I'm pretty sure I lifted that code 100% from Simmon Willison.

Scheduling

Right now the yaml is set to only scrape when you click the "Run workflow" button in the Actions tab, but you can add something like

  schedule:
    - cron: '0 * * * *'

To make it run the first minute of every hour.

How this all works

To make Selenium + GitHub Actions work, this repo does a few magic things. In a normal world, you start Chrome like this:

from selenium import webdriver

driver = webdriver.Chrome()

But we.... do things a little differently. Let me walk you through the changes!

webdriver-manager to manage the webdriver

You can add a special action to set up Chromedriver but I feel it's honestly easier to use webdriver-manager. It magically picks out the right version of chromedriver for you.

from selenium import webdriver
from webdriver_manager.chrome import ChromeDriverManager

driver = webdriver.Chrome(ChromeDriverManager().install())

It works on your local machine, too!

Chromium, not Chrome

When you're running GitHub Actions, it's probably on a nice little Ubuntu Linux machine. In those situations, you install software using apt. Since you can't install Chrome with apt, you'll install Chromium instead, the open-source version of Chrome. Works the same, just opens a little differently.

As a result, our chromedriver install code changed a little more:

from selenium import webdriver
from webdriver_manager.chrome import ChromeDriverManager
from webdriver_manager.utils import ChromeType

driver_path = ChromeDriverManager(chrome_type=ChromeType.CHROMIUM).install()
driver = webdriver.Chrome(driver_path)

This also means we need to add a line that does apt-get install -y chromium-browser to our scrape.yml)

Headless Chromium

Since we don't have a monitor plugged into GitHub Actions, we can't actually see what's going on in the browser. In the olden days you had to construct some odd technical fake screen, but these days you just run in headless mode!

from selenium import webdriver 
from selenium.webdriver.chrome.options import Options

chrome_options = Options()
chrome_options.add_argument("--headless")
driver = webdriver.Chrome(options=chrome_options)

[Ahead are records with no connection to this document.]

(* Let $G$ be a finitely generated group with $\nabla G>0$, and let $A,B$ be finitely generated subgroups of infinite proindex in $G$. Then there exist finite index subgroups $A_0\le A$ and $B_0\le B$ such that $\langle A_0\cup B_0\rangle$ has infinite index in $G$.
   Context: For a group $U$, $d(U)$ denotes the minimal cardinality of a generating set of $U$. The rank gradient of a finitely generated group $G$ is $\nabla G=\inf_U \frac{d(U)-1}{[G:U]}$, where $U$ ranges over all finite index subgroups of $G$. The proindex of a subgroup $H$ in $G$ is the supremum of the indices $[G:U]$ over finite index subgroups $U$ of $G$ containing $H$. *)

theory Defs
  imports "HOL-Algebra.Algebra" "HOL-Library.Extended_Nat"
begin

definition fin_gen :: "('a, 'b) monoid_scheme \<Rightarrow> 'a set \<Rightarrow> bool" where
  "fin_gen G H \<longleftrightarrow> (\<exists>S. finite S \<and> S \<subseteq> H \<and> generate G S = H)"

definition min_gens :: "('a, 'b) monoid_scheme \<Rightarrow> 'a set \<Rightarrow> nat" where
  "min_gens G H = (LEAST n. \<exists>S. finite S \<and> card S = n \<and> S \<subseteq> H \<and> generate G S = H)"

definition finite_index :: "('a, 'b) monoid_scheme \<Rightarrow> 'a set \<Rightarrow> bool" where
  "finite_index G U \<longleftrightarrow> subgroup U G \<and> finite (rcosets\<^bsub>G\<^esub> U)"

definition group_index :: "('a, 'b) monoid_scheme \<Rightarrow> 'a set \<Rightarrow> nat" where
  "group_index G U = card (rcosets\<^bsub>G\<^esub> U)"

definition rank_gradient :: "('a, 'b) monoid_scheme \<Rightarrow> real" where
  "rank_gradient G = (INF U \<in> {U. finite_index G U}.
      (real (min_gens G U) - 1) / real (group_index G U))"

definition proindex :: "('a, 'b) monoid_scheme \<Rightarrow> 'a set \<Rightarrow> enat" where
  "proindex G H = (SUP U \<in> {U. finite_index G U \<and> H \<subseteq> U}. enat (group_index G U))"

end

theory Submission
  imports Defs
begin

text \<open>Choose \<open>N\<close> with \<open>N \<cdot> \<nabla>G > d(A) + d(B)\<close>. Infinite proindex yields finite index subgroups
  \<open>U \<supseteq> A\<close> and \<open>V \<supseteq> B\<close> of index greater than \<open>N\<close>; put \<open>A\<^sub>0 = A \<inter> V\<close> and \<open>B\<^sub>0 = B \<inter> U\<close>.
  If \<open>H = \<langle>A\<^sub>0 \<union> B\<^sub>0\<rangle>\<close> had finite index, then \<open>H \<le> U \<inter> V\<close> gives
  \<open>[G:H] \<ge> [G:U][A:A\<^sub>0] \<ge> N [A:A\<^sub>0]\<close>, and likewise for \<open>B\<^sub>0\<close>, while Schreier's bound
  \<open>d(A\<^sub>0) \<le> d(A) [A:A\<^sub>0]\<close> gives \<open>d(H) \<le> d(A)[A:A\<^sub>0] + d(B)[B:B\<^sub>0] \<le> (d(A) + d(B)) [G:H] / N\<close>,
  which is less than \<open>\<nabla>G [G:H]\<close>: a contradiction with the definition of \<open>\<nabla>G\<close>.\<close>

lemma rcosets_carrier_update: "rcosets\<^bsub>G\<lparr>carrier := A\<rparr>\<^esub> H = (\<lambda>a. H #>\<^bsub>G\<^esub> a) ` A"
  unfolding RCOSETS_def by auto

subsection \<open>Cosets and indices\<close>

context group
begin

lemma rcos_eq_iff:
  assumes "subgroup H G" "x \<in> carrier G" "y \<in> carrier G"
  shows "H #> x = H #> y \<longleftrightarrow> x \<otimes> inv y \<in> H"
  using assms repr_independence repr_independenceD subgroup.rcos_module[OF assms(1) is_group]
  by metis

lemma rcos_mult_eq:
  assumes "subgroup H G" "x \<in> carrier G" "y \<in> carrier G" "z \<in> carrier G"
    and "H #> x = H #> y"
  shows "H #> (x \<otimes> z) = H #> (y \<otimes> z)"
  using assms coset_mult_assoc[OF subgroup.subset[OF assms(1)]] by metis

lemma finite_card_rcosets_mono:
  assumes H: "subgroup H G" and K: "subgroup K G" and "H \<subseteq> K" and fin: "finite (rcosets H)"
  shows "finite (rcosets K) \<and> card (rcosets K) \<le> card (rcosets H)"
proof -
  define f where "f C = K #> (SOME x. x \<in> C)" for C
  have "f (H #> x) = K #> x" if x: "x \<in> carrier G" for x
  proof -
    have "(SOME y. y \<in> H #> x) \<in> H #> x"
      using rcos_self[OF x H] by (rule someI)
    then show ?thesis
      unfolding f_def using x \<open>H \<subseteq> K\<close> subgroup.elemrcos_carrier[OF H is_group x]
        subgroup.rcos_module_imp[OF H is_group x] rcos_eq_iff[OF K] by blast
  qed
  then have "rcosets K = f ` (rcosets H)"
    unfolding RCOSETS_def by auto
  then show ?thesis
    using fin by (simp add: card_image_le)
qed

lemma rcos_Int_eq:
  assumes A: "subgroup A G" and V: "subgroup V G" and a: "a \<in> A"
  shows "(A \<inter> V) #> a = (V #> a) \<inter> A"
proof -
  have ac: "a \<in> carrier G" using subgroup.mem_carrier[OF A a] .
  have "x \<in> (A \<inter> V) #> a \<longleftrightarrow> x \<in> (V #> a) \<inter> A" if x: "x \<in> carrier G" for x
  proof -
    have "x \<in> A \<longleftrightarrow> x \<otimes> inv a \<in> A"
    proof
      assume "x \<otimes> inv a \<in> A"
      then have "x \<otimes> inv a \<otimes> a \<in> A" using a subgroup.m_closed[OF A] by blast
      then show "x \<in> A" using x ac by (simp add: m_assoc)
    qed (use a subgroup.m_closed[OF A] subgroup.m_inv_closed[OF A] in blast)
    then show ?thesis
      using subgroup.rcos_module[OF _ is_group ac x] A V subgroups_Inter_pair by blast
  qed
  moreover have "(A \<inter> V) #> a \<subseteq> carrier G" "(V #> a) \<inter> A \<subseteq> carrier G"
    using r_coset_subset_G[OF _ ac] subgroup.subset[OF A] subgroup.subset[OF V] by blast+
  ultimately show ?thesis by blast
qed

lemma finite_index_Int:
  assumes A: "subgroup A G" and V: "finite_index G V"
  shows "finite_index (G\<lparr>carrier := A\<rparr>) (A \<inter> V)"
proof -
  have V: "subgroup V G" "finite (rcosets V)"
    using V unfolding finite_index_def by auto
  have "(\<lambda>a. (A \<inter> V) #> a) ` A \<subseteq> (\<lambda>C. C \<inter> A) ` (rcosets V)"
  proof
    fix E assume "E \<in> (\<lambda>a. (A \<inter> V) #> a) ` A"
    then obtain a where a: "a \<in> A" and E: "E = (A \<inter> V) #> a" by blast
    have "V #> a \<in> rcosets V"
      using rcosetsI[OF subgroup.subset[OF V(1)] subgroup.mem_carrier[OF A a]] .
    then show "E \<in> (\<lambda>C. C \<inter> A) ` (rcosets V)"
      unfolding E rcos_Int_eq[OF A V(1) a] by (rule imageI)
  qed
  then have "finite (rcosets\<^bsub>G\<lparr>carrier := A\<rparr>\<^esub> (A \<inter> V))"
    unfolding rcosets_carrier_update by (rule finite_subset) (use V(2) in simp)
  with subgroup_incl[OF subgroups_Inter_pair[OF A V(1)] A Int_lower1] show ?thesis
    unfolding finite_index_def ..
qed

lemma rcos_Int_mult_eqD:
  assumes U: "subgroup U G" and V: "subgroup V G" and A: "subgroup A G" and "A \<subseteq> U"
    and a: "a1 \<in> A" "a2 \<in> A" and g: "g1 \<in> carrier G" "g2 \<in> carrier G"
    and eq: "(U \<inter> V) #> (a1 \<otimes> g1) = (U \<inter> V) #> (a2 \<otimes> g2)"
  shows "U #> g1 = U #> g2" and "g1 = g2 \<Longrightarrow> (A \<inter> V) #> a1 = (A \<inter> V) #> a2"
proof -
  have ac: "a1 \<in> carrier G" "a2 \<in> carrier G"
    using a subgroup.mem_carrier[OF A] by auto
  have w: "a1 \<otimes> g1 \<otimes> inv (a2 \<otimes> g2) \<in> U \<inter> V"
    using eq rcos_eq_iff[OF subgroups_Inter_pair[OF U V]] ac g by simp
  have "inv a1 \<otimes> (a1 \<otimes> g1 \<otimes> inv (a2 \<otimes> g2)) \<otimes> a2 \<in> U"
    using a \<open>A \<subseteq> U\<close> w subgroup.m_closed[OF U]
      subgroup.m_inv_closed[OF U, of a1] by blast
  moreover have "inv a1 \<otimes> (a1 \<otimes> g1 \<otimes> inv (a2 \<otimes> g2)) \<otimes> a2 = g1 \<otimes> inv g2"
    using ac g by (simp add: inv_mult_group m_assoc) (simp add: m_assoc [symmetric])
  ultimately show "U #> g1 = U #> g2"
    using rcos_eq_iff[OF U g] by simp
  assume "g1 = g2"
  then have "a1 \<otimes> g1 \<otimes> inv (a2 \<otimes> g2) = a1 \<otimes> inv a2"
    using ac g by (simp add: inv_mult_group m_assoc) (simp add: m_assoc [symmetric])
  then have "a1 \<otimes> inv a2 \<in> A \<inter> V"
    using w a by (auto intro: subgroup.m_closed[OF A] subgroup.m_inv_closed[OF A])
  then show "(A \<inter> V) #> a1 = (A \<inter> V) #> a2"
    using rcos_eq_iff[OF subgroups_Inter_pair[OF A V] ac] by simp
qed

lemma group_index_Int_ge:
  assumes U: "subgroup U G" and V: "subgroup V G" and A: "subgroup A G" and "A \<subseteq> U"
    and fin: "finite (rcosets (U \<inter> V))"
  shows "group_index G U * group_index (G\<lparr>carrier := A\<rparr>) (A \<inter> V) \<le> group_index G (U \<inter> V)"
proof -
  define cosU where "cosU g = U #> g" for g
  define cosA where "cosA a = (A \<inter> V) #> a" for a
  define repU where "repU = inv_into (carrier G) cosU"
  define repA where "repA = inv_into A cosA"
  define \<phi> where "\<phi> = (\<lambda>(D, E). (U \<inter> V) #> (repA E \<otimes> repU D))"
  have RU: "rcosets U = cosU ` carrier G" and RA: "rcosets\<^bsub>G\<lparr>carrier := A\<rparr>\<^esub> (A \<inter> V) = cosA ` A"
    unfolding cosU_def cosA_def rcosets_carrier_update by (auto simp: RCOSETS_def)
  have repU: "repU D \<in> carrier G" "cosU (repU D) = D" if "D \<in> cosU ` carrier G" for D
    using that unfolding repU_def by (simp_all add: inv_into_into f_inv_into_f)
  have repA: "repA E \<in> A" "cosA (repA E) = E" if "E \<in> cosA ` A" for E
    using that unfolding repA_def by (simp_all add: inv_into_into f_inv_into_f)
  have inj: "inj_on \<phi> (cosU ` carrier G \<times> cosA ` A)"
  proof (rule inj_onI, unfold split_paired_all)
    fix D1 E1 D2 E2
    assume "(D1, E1) \<in> cosU ` carrier G \<times> cosA ` A" "(D2, E2) \<in> cosU ` carrier G \<times> cosA ` A"
      and eq: "\<phi> (D1, E1) = \<phi> (D2, E2)"
    then have D: "D1 \<in> cosU ` carrier G" "D2 \<in> cosU ` carrier G"
      and E: "E1 \<in> cosA ` A" "E2 \<in> cosA ` A" by auto
    note eqD = rcos_Int_mult_eqD[OF U V A \<open>A \<subseteq> U\<close> repA(1)[OF E(1)] repA(1)[OF E(2)]
        repU(1)[OF D(1)] repU(1)[OF D(2)]]
    have "D1 = D2"
      using eqD(1) eq repU(2)[OF D(1)] repU(2)[OF D(2)] unfolding \<phi>_def cosU_def by simp
    moreover have "E1 = E2"
      using eqD(2) eq \<open>D1 = D2\<close> repA(2)[OF E(1)] repA(2)[OF E(2)] unfolding \<phi>_def cosA_def by simp
    ultimately show "(D1, E1) = (D2, E2)" by simp
  qed
  have "\<phi> (D, E) \<in> rcosets (U \<inter> V)" if "D \<in> cosU ` carrier G" "E \<in> cosA ` A" for D E
    unfolding \<phi>_def using that repU(1) repA(1) subgroup.mem_carrier[OF A]
      rcosetsI[OF subgroup.subset[OF subgroups_Inter_pair[OF U V]]] by simp
  then have "\<phi> ` (cosU ` carrier G \<times> cosA ` A) \<subseteq> rcosets (U \<inter> V)"
    by blast
  then have "card (cosU ` carrier G \<times> cosA ` A) \<le> card (rcosets (U \<inter> V))"
    using card_inj_on_le[OF inj] fin by blast
  then show ?thesis
    unfolding group_index_def RU RA by (simp add: card_cartesian_product)
qed

lemma group_index_pos: "finite_index G H \<Longrightarrow> 0 < group_index G H"
  unfolding finite_index_def group_index_def
  using rcosetsI[OF subgroup.subset one_closed] card_gt_0_iff by blast

lemma group_index_Int_le:
  assumes U: "subgroup U G" and V: "subgroup V G" and A: "subgroup A G" "A \<subseteq> U"
    and H: "finite_index G H" "H \<subseteq> U \<inter> V"
  shows "group_index G U * group_index (G\<lparr>carrier := A\<rparr>) (A \<inter> V) \<le> group_index G H"
proof -
  have "finite (rcosets (U \<inter> V)) \<and> card (rcosets (U \<inter> V)) \<le> card (rcosets H)"
    using H subgroups_Inter_pair[OF U V] finite_card_rcosets_mono unfolding finite_index_def by blast
  then show ?thesis
    using group_index_Int_ge[OF U V A] unfolding group_index_def by (meson order_trans)
qed

end

subsection \<open>Schreier's bound on the number of generators\<close>

locale schreier_transversal = group +
  fixes A H S :: "'a set" and rep :: "'a set \<Rightarrow> 'a"
  assumes generators: "S \<subseteq> carrier G" "generate G S = A"
    and subgroup_H: "subgroup H G" and H_subset: "H \<subseteq> A"
    and rep_mem: "a \<in> A \<Longrightarrow> rep (H #> a) \<in> H #> a"
    and rep_H: "rep H = \<one>"
begin

lemma subgroup_A: "subgroup A G"
  using generate_is_subgroup generators by blast

lemma A_carrier: "a \<in> A \<Longrightarrow> a \<in> carrier G"
  using subgroup.mem_carrier[OF subgroup_A] .

lemma S_subset: "S \<subseteq> A"
  using generate.incl[of _ S G] generators(2) by blast

definition rep_of :: "'a \<Rightarrow> 'a" where
  "rep_of x = rep (H #> x)"

definition transversal :: "'a set" where
  "transversal = rep_of ` A"

lemma rep_of_coset: "a \<in> A \<Longrightarrow> H #> rep_of a = H #> a"
  unfolding rep_of_def using repr_independence[OF rep_mem A_carrier subgroup_H] by (rule sym)
lemma num_neg_eigenvalues_sq_sum_mat:
  assumes odd: "\<And>i. i < n \<Longrightarrow> t (n - Suc i) = - t i"
    and "i < n" "j < n" "t i ^ 2 \<noteq> t j ^ 2"
  shows "num_neg_eigenvalues (sq_sum_mat n t) = 1"
proof -
  define P where "P = (\<Sum>i<n. t i ^ 2)"
  define s where "s = sqrt (n * (\<Sum>i<n. t i ^ 4))"
  have "P ^ 2 < n * (\<Sum>i<n. t i ^ 4)"
    using square_sum_less_card_mult_sum_squares[of "{..<n}" i j "\<lambda>i. t i ^ 2"] assms(2-4)
    by (simp add: P_def power_mult[symmetric])
  then have "\<bar>P\<bar> < s" unfolding s_def by (metis real_sqrt_abs real_sqrt_less_mono)
  moreover have "0 \<le> P" unfolding P_def by (simp add: sum_nonneg)
  ultimately have roots: "0 \<le> 2 * P" "P - s < 0" "0 \<le> P + s" by auto
  define q where "q = [:-(2 * P), 1:] * [:-(P - s), 1:] * [:-(P + s), 1:]"
  have "[:0, 1:] ^ 3 * char_poly (sq_sum_mat n t) = [:0, 1:] ^ n * q"
    unfolding q_def P_def s_def
    by (rule char_poly_sq_sum_mat)
      (use sum_odd_power_antisym_eq_0[of n t 1, OF odd] sum_odd_power_antisym_eq_0[of n t 3, OF odd] in simp_all)
  moreover have "sq_sum_mat n t \<in> carrier_mat n n" by (simp add: sq_sum_mat_def)
  ultimately have "num_neg_eigenvalues (sq_sum_mat n t) = (\<Sum>x\<in>{x. x < 0 \<and> poly q x = 0}. order x q)"
    using num_neg_eigenvalues_eq_neg_roots by blast
  also have "\<dots> = 1" unfolding q_def by (rule sum_order_neg_roots_cubic[OF roots])
  finally show ?thesis .
qed

lemma nonneg_rank_sq_sum_mat:
  assumes odd: "\<And>i. i < n \<Longrightarrow> t (n - Suc i) = - t i" and inj: "inj_on t {..<n}"
  shows "n \<le> 2 ^ nonneg_rank (sq_sum_mat n t)"
proof -
  let ?A = "sq_sum_mat n t"
  have dim: "dim_row ?A = n" "dim_col ?A = n" by (simp_all add: sq_sum_mat_def)
  have zeros: "{j. j < n \<and> ?A $$ (i, j) = 0} = {n - Suc i}" if "i < n" for i
  proof -
    have "t j = t (n - Suc i) \<longleftrightarrow> j = n - Suc i" if "j < n" for j
      using inj_onD[OF inj] \<open>i < n\<close> that by auto
    then show ?thesis using odd[OF that] that by (auto simp: sq_sum_mat_def add_eq_0_iff)
  qed
  have "nonneg_mat ?A" by (simp add: nonneg_mat_def sq_sum_mat_def)
  moreover have "inj_on (\<lambda>i. {j. j < dim_col ?A \<and> ?A $$ (i, j) = 0}) {..<dim_row ?A}"
    unfolding dim by (rule inj_onI) (auto simp: zeros)
  ultimately have "dim_row ?A \<le> 2 ^ nonneg_rank ?A" by (rule card_zero_patterns_le_two_pow_nonneg_rank)
  then show ?thesis unfolding dim .
qed
lemma ring_of_integers_subring: "is_subfield K \<Longrightarrow> is_subring (ring_of_integers K)"
  using subfield_is_subring[of K]
  unfolding is_subring_def ring_of_integers_def
  by (auto intro: algebraic_integer_add algebraic_integer_diff algebraic_integer_mult
      algebraic_integer_of_int[of 1, simplified])

lemma order_subring: "is_order G \<Longrightarrow> is_subring G"
  unfolding is_order_def by blast

lemma order_denominator: "is_order G \<Longrightarrow> \<exists>m::int. m \<noteq> 0 \<and> of_int m * x \<in> G"
  unfolding is_order_def by blast

lemma order_common_denominator:
  assumes "is_order G"
  obtains m :: int where "m \<noteq> 0" "of_int m * x \<in> G" "of_int m * y \<in> G"
proof -
  obtain mx my :: int where m: "mx \<noteq> 0" "of_int mx * x \<in> G" "my \<noteq> 0" "of_int my * y \<in> G"
    using order_denominator[OF assms] by metis
  have "of_int (my * mx) * x \<in> G" "of_int (mx * my) * y \<in> G"
    using subring_of_int_mult[OF order_subring[OF assms]] m by (simp_all add: mult.assoc)
  with m show thesis by (intro that[of "mx * my"]) (simp_all add: mult.commute)
qed

lemma order_algebraic_integer:
  assumes "is_order G" "x \<in> G"
  shows "algebraic_integer x"
proof -
  obtain B where B: "finite B" "B \<subseteq> G" "G = int_span B"
    using assms(1) unfolding is_order_def int_span_def by blast
  have "\<exists>b\<in>B. b \<noteq> 0"
  proof (rule ccontr)
    assume "\<not> (\<exists>b\<in>B. b \<noteq> 0)"
    then have "G \<subseteq> {0}" unfolding B(3) int_span_def by (auto intro!: sum.neutral)
    then show False using subring_one[OF order_subring[OF assms(1)]] by auto
  qed
  moreover have "\<forall>w\<in>B. x * w \<in> int_span B"
    using B assms subring_mult[OF order_subring[OF assms(1)]] by blast
  ultimately show ?thesis using algebraic_integer_if_int_span_stable[OF B(1)] by blast
qed

lemma ring_of_integers_denominator:
  fixes G K :: "'a::field_char_0 set"
  assumes "is_order G" "is_subfield K" "k \<in> K"
  shows "\<exists>N::int. N \<noteq> 0 \<and> of_int N * k \<in> ring_of_integers K"
proof -
  obtain m :: int where "m \<noteq> 0" "of_int m * k \<in> G" using order_denominator[OF assms(1)] by blast
  moreover have "of_int m * k \<in> K"
    using subring_of_int_mult[OF subfield_is_subring] assms(2,3) .
  ultimately show ?thesis
    using order_algebraic_integer[OF assms(1)] unfolding ring_of_integers_def by blast
qed

lemma cring_subring_ring: "is_subring S \<Longrightarrow> cring (subring_ring S)"
proof (rule cringI)
  assume S: "is_subring S"
  show "abelian_group (subring_ring S)"
  proof (rule abelian_groupI)
    fix x assume "x \<in> carrier (subring_ring S)"
    then show "\<exists>y\<in>carrier (subring_ring S). y \<oplus>\<^bsub>subring_ring S\<^esub> x = \<zero>\<^bsub>subring_ring S\<^esub>"
      using S by (intro bexI[of _ "- x"]) (auto simp: subring_ring_def subring_uminus)
  qed (use S in \<open>simp_all add: subring_ring_def subring_add subring_zero add.assoc add.commute\<close>)
  show "comm_monoid (subring_ring S)"
    by (rule comm_monoidI)
      (use S in \<open>simp_all add: subring_ring_def subring_mult subring_one mult.assoc mult.commute\<close>)
qed (simp add: subring_ring_def distrib_right)

lemma subring_ring_simps:
  "carrier (subring_ring S) = S" "add (subring_ring S) = (+)"
  "monoid.mult (subring_ring S) = (*)" "one (subring_ring S) = 1"
  unfolding subring_ring_def by simp_all

lemma additive_of_int_mult:
  fixes f :: "'a::comm_ring_1 \<Rightarrow> 'b::comm_ring_1"
  assumes S: "is_subring S" and x: "x \<in> S"
    and add: "\<And>a b. a \<in> S \<Longrightarrow> b \<in> S \<Longrightarrow> f (a + b) = f a + f b"
  shows "f (of_int k * x) = of_int k * f x"
proof -
  have mult_S: "of_nat m * x \<in> S" for m
    using subring_of_int_mult[OF S x, of "int m"] by simp
  have zero: "f 0 = 0" using add[of 0 0] subring_zero[OF S] by simp
  have nat: "f (of_nat m * x) = of_nat m * f x" for m
    by (induction m) (simp_all add: zero distrib_right add x mult_S)
  have "f (- y) = - f y" if "y \<in> S" for y
    using add[of "- y" y] that subring_uminus[OF S] zero by (simp add: eq_neg_iff_add_eq_0)
  then show ?thesis
    using nat mult_S by (cases k rule: int_cases) (simp_all del: of_nat_Suc)
qed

Other options and more management of things

To combine the webdriver-manager driver path and the headless Chrome option, there are a lot of hoops to jump through. During the research process a lot of extra chrome options poked up, so I thought hey, let's just add all those, too.

from selenium import webdriver
from webdriver_manager.chrome import ChromeDriverManager
from webdriver_manager.utils import ChromeType
from selenium.webdriver.chrome.options import Options
from selenium.webdriver.chrome.service import Service

chrome_service = Service(ChromeDriverManager(chrome_type=ChromeType.CHROMIUM).install())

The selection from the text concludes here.